Journalists, officials in emerging democracies often insist, must be constrained by the state until they are able to carry out their work responsibly. But, rather than accelerating the development of a credible free press, this approach impedes it.

NEW YORK – On a trip to Ethiopia in the 1990s, I met with Prime Minister Meles Zenawi to try to persuade him to stop jailing journalists. Since Meles's guerillas had ousted a repressive Soviet-backed dictatorship a few years before, there had been an explosion of exuberant and sometimes wildly inaccurate little newspapers, many of them attacking Meles. So he had cracked down, introducing laws criminalizing what he called “insults” to the government and fining and imprisoning journalists for inaccuracies. Ethiopia quickly became one of the world’s top jailors of journalists.

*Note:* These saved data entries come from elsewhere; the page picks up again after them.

lemma ltr_max_pos_eq_from_0: "ltr_max_pos n a = ltr_max_from 0 n a"
  by (simp add: ltr_max_pos_def ltr_max_from_def)

lemma finite_ltr_max_from [simp]: "finite (ltr_max_from m n a)"
  by (rule finite_subset[of _ "{..<n}"]) (auto simp: ltr_max_from_def)

lemma count_ltr_max_above_empty [simp]: "count_ltr_max_above m m a t = 0"
  by (simp add: count_ltr_max_above_def ltr_max_from_def)

lemma ltr_max_from_upd_above:
  assumes "m < n"
  shows "{i \<in> ltr_max_from m n (a(m := y)). t < (a(m := y)) i}
       = (if y \<le> t then {i \<in> ltr_max_from (Suc m) n a. t < a i}
          else insert m {i \<in> ltr_max_from (Suc m) n a. y < a i})"
proof -
  have "i \<in> ltr_max_from m n (a(m := y)) \<longleftrightarrow> y < a i \<and> i \<in> ltr_max_from (Suc m) n a"
    if "m < i" for i
    using that by (auto simp: ltr_max_from_def Suc_le_eq)
  then show ?thesis
    using assms by (auto simp: ltr_max_from_def)
qed

lemma count_ltr_max_above_upd:
  assumes "m < n"
  shows "count_ltr_max_above m n (a(m := y)) t
       = (if y \<le> t then count_ltr_max_above (Suc m) n a t
          else Suc (count_ltr_max_above (Suc m) n a y))"
proof -
  have "m \<notin> ltr_max_from (Suc m) n a" by (simp add: ltr_max_from_def)
  then show ?thesis
    unfolding count_ltr_max_above_def ltr_max_from_upd_above[OF assms] by simp
qed

lemma ltr_max_above_ge_iff:
  assumes "1 \<le> r"
  shows "r \<le> count_ltr_max_above 0 n a t
     \<longleftrightarrow> r \<le> card (ltr_max_pos n a) \<and> t < rth_ltr_max_value r n a"
  unfolding count_ltr_max_above_def rth_ltr_max_value_def ltr_max_pos_eq_from_0
  by (rule card_above_ge_iff_rth_largest[OF _ assms]) (auto simp: ltr_max_from_def strict_mono_on_def)

section \<open>Tail probabilities\<close>

lemma measure_bind_pmf:
  "measure_pmf.prob (bind_pmf M N) X = measure_pmf.expectation M (\<lambda>x. measure_pmf.prob (N x) X)"
proof -
  have "ennreal (measure_pmf.prob (bind_pmf M N) X) = (\<integral>\<^sup>+x. ennreal (measure_pmf.prob (N x) X) \<partial>M)"
    by (simp flip: measure_pmf.emeasure_eq_measure)
  also have "\<dots> = ennreal (measure_pmf.expectation M (\<lambda>x. measure_pmf.prob (N x) X))"
    by (rule nn_integral_eq_integral) (auto intro!: measure_pmf.integrable_const_bound[where B=1])
  finally show ?thesis by (simp add: integral_nonneg_AE)
qed

lemma measure_Pi_pmf_insert:
  assumes "finite A" "x \<notin> A"
  shows "measure_pmf.prob (Pi_pmf (insert x A) dflt p) X
       = measure_pmf.expectation (p x) (\<lambda>y. measure_pmf.prob (Pi_pmf A dflt p) {f. f(x := y) \<in> X})"
  by (simp add: Pi_pmf_insert'[OF assms] measure_bind_pmf flip: map_pmf_def) (simp add: vimage_def)

lemma expectation_nat_sums_tail_probs:
  fixes X :: "'a \<Rightarrow> nat"
  assumes sums: "(\<lambda>t. measure_pmf.prob M {x. t < X x}) sums s"
  shows "measure_pmf.expectation M (\<lambda>x. real (X x)) = s"
proof -
  have "ennreal (real (X x)) = (\<Sum>t. indicator {x. t < X x} x)" for x
    by (subst suminf_finite[of "{..<X x}"]) (auto simp: indicator_def ennreal_of_nat_eq_real_of_nat)
  then have "(\<integral>\<^sup>+x. ennreal (real (X x)) \<partial>M) = (\<Sum>t. \<integral>\<^sup>+x. indicator {x. t < X x} x \<partial>M)"
    by (simp add: nn_integral_suminf)
  also have "\<dots> = (\<Sum>t. ennreal (measure_pmf.prob M {x. t < X x}))"
    by (intro suminf_cong) (simp add: measure_pmf.emeasure_eq_measure)
  also have "\<dots> = ennreal s"
    by (simp only: suminf_ennreal2[OF measure_nonneg sums_summable[OF sums]] sums_unique[OF sums])
  finally have "has_bochner_integral M (\<lambda>x. real (X x)) s"
    using sums_le[OF _ sums_zero sums] by (intro has_bochner_integral_nn_integral) auto
  then show ?thesis by (rule has_bochner_integral_integral_eq)
qed

lemma letter_pmf_expectation_sums:
  assumes "0 < q" "q < 1" and bounded: "\<And>y. \<bar>f y\<bar> \<le> B"
  shows "(\<lambda>i. (1 - q) * q ^ i * f (Suc i)) sums measure_pmf.expectation (letter_pmf q) f"
proof -
  let ?p = "pmf (geometric_pmf (1 - q))"
  have p: "?p i = (1 - q) * q ^ i" for i using assms by simp
  have "integrable (geometric_pmf (1 - q)) (\<lambda>i. f (Suc i))"
    using bounded by (intro measure_pmf.integrable_const_bound[where B=B]) auto
  then have "integrable (count_space UNIV) (\<lambda>i. ?p i * f (Suc i))"
    by (simp add: measure_pmf_eq_density integrable_density)
  then have "(\<lambda>i. ?p i * f (Suc i)) sums (\<integral>i. ?p i * f (Suc i) \<partial>count_space UNIV)"
    by (rule sums_integral_count_space_nat)
  also have "(\<integral>i. ?p i * f (Suc i) \<partial>count_space UNIV)
      = measure_pmf.expectation (geometric_pmf (1 - q)) (\<lambda>i. f (Suc i))"
    by (simp add: measure_pmf_eq_density integral_density)
  also have "\<dots> = measure_pmf.expectation (letter_pmf q) f"
    by (simp add: letter_pmf_def)
  finally show ?thesis by (simp only: p)
qed

lemma letter_pmf_expectation_power_above:
  assumes q: "0 < q" "q < 1" and z: "\<bar>z\<bar> \<le> 1"
  shows "measure_pmf.expectation (letter_pmf q) (\<lambda>y. if y \<le> t then 0 else z ^ y)
       = (1 - q) * z * (q * z) ^ t / (1 - q * z)"
proof -
  define g where "g i = (1 - q) * q ^ i * (if Suc i \<le> t then 0 else z ^ Suc i)" for i
  have "\<bar>if y \<le> t then 0 else z ^ y\<bar> \<le> 1" for y
    using z by (simp add: power_abs power_le_one)
  then have "g sums measure_pmf.expectation (letter_pmf q) (\<lambda>y. if y \<le> t then 0 else z ^ y)"
    unfolding g_def by (rule letter_pmf_expectation_sums[OF q])
  moreover have "(\<lambda>i. g (i + t)) sums ((1 - q) * z * (q * z) ^ t / (1 - q * z))"
  proof -
    have "\<bar>q * z\<bar> \<le> q" using q z by (simp add: abs_mult mult_left_le)
    then have "\<bar>q * z\<bar> < 1" using q by linarith
    from sums_mult[OF geometric_sums[of "q * z"], of "(1 - q) * z * (q * z) ^ t"] this
    show ?thesis
      by (simp add: g_def power_add power_mult_distrib divide_inverse mult_ac)
  qed
  then have "g sums ((1 - q) * z * (q * z) ^ t / (1 - q * z) + (\<Sum>i<t. g i))"
    by (simp only: sums_iff_shift)
  moreover have "(\<Sum>i<t. g i) = 0" by (simp add: g_def)
  ultimately show ?thesis by (metis add.right_neutral sums_unique2)
qed
text \<open>r_i: squares in the i-th row from the north (the strip N-i \<le> y \<le> N-i+1), 1 \<le> i \<le> N.\<close>
definition rowr :: "nat \<Rightarrow> bool list \<Rightarrow> nat \<Rightarrow> nat" where
  "rowr N p i = card {x. between N p x (N - i)}"

text \<open>c_j: squares in the j-th column from the right (the strip N-j \<le> x \<le> N-j+1), 1 \<le> j \<le> N.\<close>
definition colc :: "nat \<Rightarrow> bool list \<Rightarrow> nat \<Rightarrow> nat" where
  "colc N p j = card {y. between N p (N - j) y}"

text \<open>x-coordinate of the i-th south step from the north (1-based): number of east steps before it.\<close>
definition sx :: "bool list \<Rightarrow> nat \<Rightarrow> nat" where
  "sx p i = count_list (take (filter (\<lambda>k. p ! k) [0..<length p] ! (i - 1)) p) False"

text \<open>Labellings P in N^N, stored as functions on indices 1..N (zero elsewhere),
  strictly increasing north to south along each vertical run (south steps i<j with the same
  x-coordinate), with exactly l zeros, and no zero on a south step on the line x = 0.\<close>
definition labellings :: "nat \<Rightarrow> nat \<Rightarrow> bool list \<Rightarrow> (nat \<Rightarrow> nat) set" where
  "labellings N l p = {P. (\<forall>i. (i = 0 \<or> N < i) \<longrightarrow> P i = 0) \<and>
      (\<forall>i j. 1 \<le> i \<and> i < j \<and> j \<le> N \<and> sx p i = sx p j \<longrightarrow> P i < P j) \<and>
      card {i \<in> {1..N}. P i = 0} = l \<and>
      (\<forall>i \<in> {1..N}. sx p i = 0 \<longrightarrow> P i \<noteq> 0)}"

Now, with a new reformist prime minister, Abiy Ahmed, in office for just one year, Ethiopia has made so much progress in freeing jailed journalists and lifting press controls that it is hosting World Press Freedom Day.

But don’t celebrate yet. Some in the newly freed press are publishing sometimes inaccurate stories – whipping up ethnic and tribal enmity and attacking Abiy. With the first free elections in 15 years taking place next year, he is in the same spot Meles was, and is considering restoring some of the press controls he had canceled.